In short, this experiment was done to determine if 100% whole wheat Dutch oven bread would be palatable. And the answer is, yes—quite good actually. I would miss white flour if I had to forego it. On the other hand, I would be smart to quit it anyway. The whole wheat stuff is supposed to be much more healthful.


  • 3 C Whole wheat flour
  • ½ tsp Active dry yeast
  • 1 ½ tsp salt
  • 1 ½ C warm water (plus some more)

Mix all the dry ingredients together in a non-metallic bowl. Add the water and stir it with your hand just until it comes together in a sticky gooey mass. If it seems like you could turn it out and knead it, then you didn’t add enough water. It should be messy.

Cover it, and let it rise 12 to 18 hours. Really.

Dump the dough out and use just enough flour to keep it from sticking while you form it into a ball. Put it to rest on something that you can clean. I used parchment paper last time, next time I’ll use parchment paper covered with oat bran or corn meal. It stuck like hell to the parchment paper. It is going to rise for 1 to 2 hours, until it has increased to almost double in size.

Put your Dutch oven (or casserole) in the oven and preheat to 450 F. I think, actually, that you should go as low as 420 if you are using a glass casserole.

Pop the doubled dough into casserole, cover, and bake 30 minutes. Uncover and bake 15 to 20 more minutes.

Note that “pop the doubled dough into casserole” is code for “make a huge mess and possibly burn yourself”. Turn the TV up before this step so the children aren’t scarred by your cursing.

Finally, I got this recipe from the Mother Earth News (which I love)—their recipe, Easy, No Knead Crusty Bread, emphasizes one of the main benefits, not kneading.

The New York Times also covers this recipe and includes a link to a video that is well worth watching.

4 thoughts on “100% Whole Wheat Dutch Oven Bread”

  1. Have you ever tried scoring the top of the loaf? If your crust is forming fairly quickly, that might be stopping the loaf from expanding. But, if you make a few cuts across the top, that might let it expand a little more. Not really sure if it’ll work, but I always see cuts across the top of bread like this. It might be purely aesthetic, or it could be functional.

  2. I have scored the top in many loaves, though never in this “no knead” recipe.
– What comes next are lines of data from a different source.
(* Let $G$ be a reflection subgroup of $G_7$, and let $n$ be the number of distinct reflection conjugacy classes of $G$. Suppose there exists an integer $m\ge n$ such that $G$ is class-searchable at every length greater than $m$, and such that for every $k\in\{1,\dots,m\}$ the following holds: two length-$k$ reflection factorizations that generate $G$ are Hurwitz equivalent if and only if they factor the same element and have the same multiset of conjugacy classes. Then the same statement holds for every length $k\ge 1$.
   Context: Let $G_7$ be the subgroup of $GL_2(\mathbb{C})$ generated by $s=\begin{bmatrix}1&0\\0&-1\end{bmatrix}$, $t=\frac14\begin{bmatrix}(1+\sqrt3)+(-1+\sqrt3)i & (1+\sqrt3)+(-1+\sqrt3)i\\ (-1+\sqrt3)-(1+\sqrt3)i & (1-\sqrt3)+(1+\sqrt3)i\end{bmatrix}$ and $u=t^{\top}$ (presentation $\langle s,t,u\mid s^2=t^3=u^3=1,\ stu=ust=tus\rangle$, order $144$). A reflection is a linear map of $\mathbb{C}^2$ whose fixed space has dimension $1$; a reflection subgroup of $G_7$ is a subgroup generated by reflections of $G_7$, and its reflection conjugacy classes are its conjugacy classes consisting of reflections. A reflection factorization of $g\in G$ of length $k$ is a tuple $(r_1,\dots,r_k)$ of reflections in $G$ with $r_1\cdots r_k=g$; it generates $\langle r_1,\dots,r_k\rangle$, and (when it generates $G$) its multiset of conjugacy classes is the multiset of $G$-conjugacy classes of its entries. The Hurwitz move $\sigma_i$ sends $(r_1,\dots,r_k)$ to $(r_1,\dots,r_{i-1},r_{i+1},r_{i+1}^{-1}r_ir_{i+1},r_{i+2},\dots,r_k)$; two factorizations are Hurwitz equivalent if one is obtained from the other by a finite sequence of Hurwitz moves. $G$ is class-searchable at length $k$ if: whenever $T$ is a length-$k$ reflection factorization generating $G$ and $K$ is a reflection conjugacy class of $G$ containing at least two entries of $T$, then for every $x\in K$ there is a factorization $T'$ Hurwitz equivalent to $T$ whose last entry is $x$ and whose first $k-1$ entries generate $G$. *)

theory Defs
  imports "HOL-Analysis.Analysis" "HOL-Library.Multiset"
begin

type_synonym cmat = "complex ^ 2 ^ 2"

definition r3 :: complex where "r3 = complex_of_real (sqrt 3)"

definition mk2 :: "complex \<Rightarrow> complex \<Rightarrow> complex \<Rightarrow> complex \<Rightarrow> cmat" where
  "mk2 a b c d = (\<chi> i j. if i = 1 then (if j = 1 then a else b) else (if j = 1 then c else d))"

definition s7 :: cmat where "s7 = mk2 1 0 0 (-1)"

definition t7 :: cmat where
  "t7 = (1/4) *\<^sub>R mk2 ((1 + r3) + (-1 + r3) * \<i>) ((1 + r3) + (-1 + r3) * \<i>)
                         ((-1 + r3) - (1 + r3) * \<i>) ((1 - r3) + (1 + r3) * \<i>)"

definition u7 :: cmat where "u7 = transpose t7"

inductive_set gen_grp :: "cmat set \<Rightarrow> cmat set" for S where
  gen_one: "mat 1 \<in> gen_grp S"
| gen_base: "x \<in> S \<Longrightarrow> x \<in> gen_grp S"
| gen_mult: "x \<in> gen_grp S \<Longrightarrow> y \<in> gen_grp S \<Longrightarrow> x ** y \<in> gen_grp S"
| gen_inv: "x \<in> gen_grp S \<Longrightarrow> matrix_inv x \<in> gen_grp S"

definition G7 :: "cmat set" where "G7 = gen_grp {s7, t7, u7}"

definition is_reflection :: "cmat \<Rightarrow> bool" where
  "is_reflection g \<longleftrightarrow> (\<exists>v::complex^2. v \<noteq> 0 \<and> {w. g *v w = w} = range (\<lambda>c. c *s v))"

definition reflection_subgroup_of_G7 :: "cmat set \<Rightarrow> bool" where
  "reflection_subgroup_of_G7 G \<longleftrightarrow>
     (\<exists>R. R \<subseteq> {r \<in> G7. is_reflection r} \<and> G = gen_grp R)"

definition refls :: "cmat set \<Rightarrow> cmat set" where
  "refls G = {r \<in> G. is_reflection r}"

definition conj_class :: "cmat set \<Rightarrow> cmat \<Rightarrow> cmat set" where
  "conj_class G x = {h ** x ** matrix_inv h | h. h \<in> G}"

definition refl_classes :: "cmat set \<Rightarrow> cmat set set" where
  "refl_classes G = {K. \<exists>x \<in> G. K = conj_class G x \<and> K \<subseteq> refls G}"

definition lprod :: "cmat list \<Rightarrow> cmat" where
  "lprod T = foldr (**) T (mat 1)"

definition refl_fact :: "cmat set \<Rightarrow> cmat list \<Rightarrow> bool" where
  "refl_fact G T \<longleftrightarrow> set T \<subseteq> refls G"

definition generates :: "cmat set \<Rightarrow> cmat list \<Rightarrow> bool" where
  "generates G T \<longleftrightarrow> gen_grp (set T) = G"

text \<open>Hurwitz move sigma_(i+1), 0-indexed.\<close>
definition hurwitz_move :: "nat \<Rightarrow> cmat list \<Rightarrow> cmat list" where
  "hurwitz_move i T = take i T @ [T ! (i+1), matrix_inv (T ! (i+1)) ** T ! i ** T ! (i+1)] @ drop (i+2) T"

definition hurwitz_step :: "cmat list \<Rightarrow> cmat list \<Rightarrow> bool" where
  "hurwitz_step T T' \<longleftrightarrow> (\<exists>i. i + 1 < length T \<and> T' = hurwitz_move i T)"

definition hurwitz_equiv :: "cmat list \<Rightarrow> cmat list \<Rightarrow> bool" where
  "hurwitz_equiv = hurwitz_step\<^sup>*\<^sup>*"

definition class_searchable :: "cmat set \<Rightarrow> nat \<Rightarrow> bool" where
  "class_searchable G k \<longleftrightarrow>
     (\<forall>T K. length T = k \<and> refl_fact G T \<and> generates G T \<and> K \<in> refl_classes G
        \<and> card {i. i < k \<and> T ! i \<in> K} \<ge> 2 \<longrightarrow>
        (\<forall>x \<in> K. \<exists>T'. hurwitz_equiv T T' \<and> T' \<noteq> [] \<and> last T' = x
                     \<and> generates G (butlast T')))"

definition hurwitz_classified_at :: "cmat set \<Rightarrow> nat \<Rightarrow> bool" where
  "hurwitz_classified_at G k \<longleftrightarrow>
     (\<forall>T T'. length T = k \<and> length T' = k \<and> refl_fact G T \<and> refl_fact G T'
        \<and> generates G T \<and> generates G T' \<longrightarrow>
        (hurwitz_equiv T T' \<longleftrightarrow>
           lprod T = lprod T' \<and> mset (map (conj_class G) T) = mset (map (conj_class G) T')))"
It is certainly worth a try. I believe the cuts are functional, and for exactly the reason you suggest–to let the loaf spring higher.

    I will have to try it, though you gotta understand how soft this dough is. It may heal itself as soon as I cut it.

  3. Coincidentally, I was reading about making crescent rolls this evening in America’s Test Kitchen “The New Best Recipe”. (Yes, I read cookbooks for fun) They said that prof. bakers often use a very high temp during the first half or so of cooking to enhance oven-spring. I’m not sure if this is very feasible given the already high temp called for in this recipe, but it’s an idea.

    And also interesting, although perhaps unrelated: They also said that retarding dough (sticking it in the fridge before the last rise) produces acetic acid, thereby improving flavor and crusty blistering.

  4. Some oven spring comes from preheating the Dutch oven, which carries enough thermal mass to make the 425 or so really count. I don’t think most kitchen ovens can go much over 450.

    Interesting that you were reading “The New Best Recipes”–presently I have the their “The Best Recipes” from the library. I should note that my wife enjoys reading cookbooks for fun.

    I will have to try retarding this no-knead dough. I’m thinking we’re headed for a full 24 hours rise between the overnight initial rise and the retarding (or retardation?!).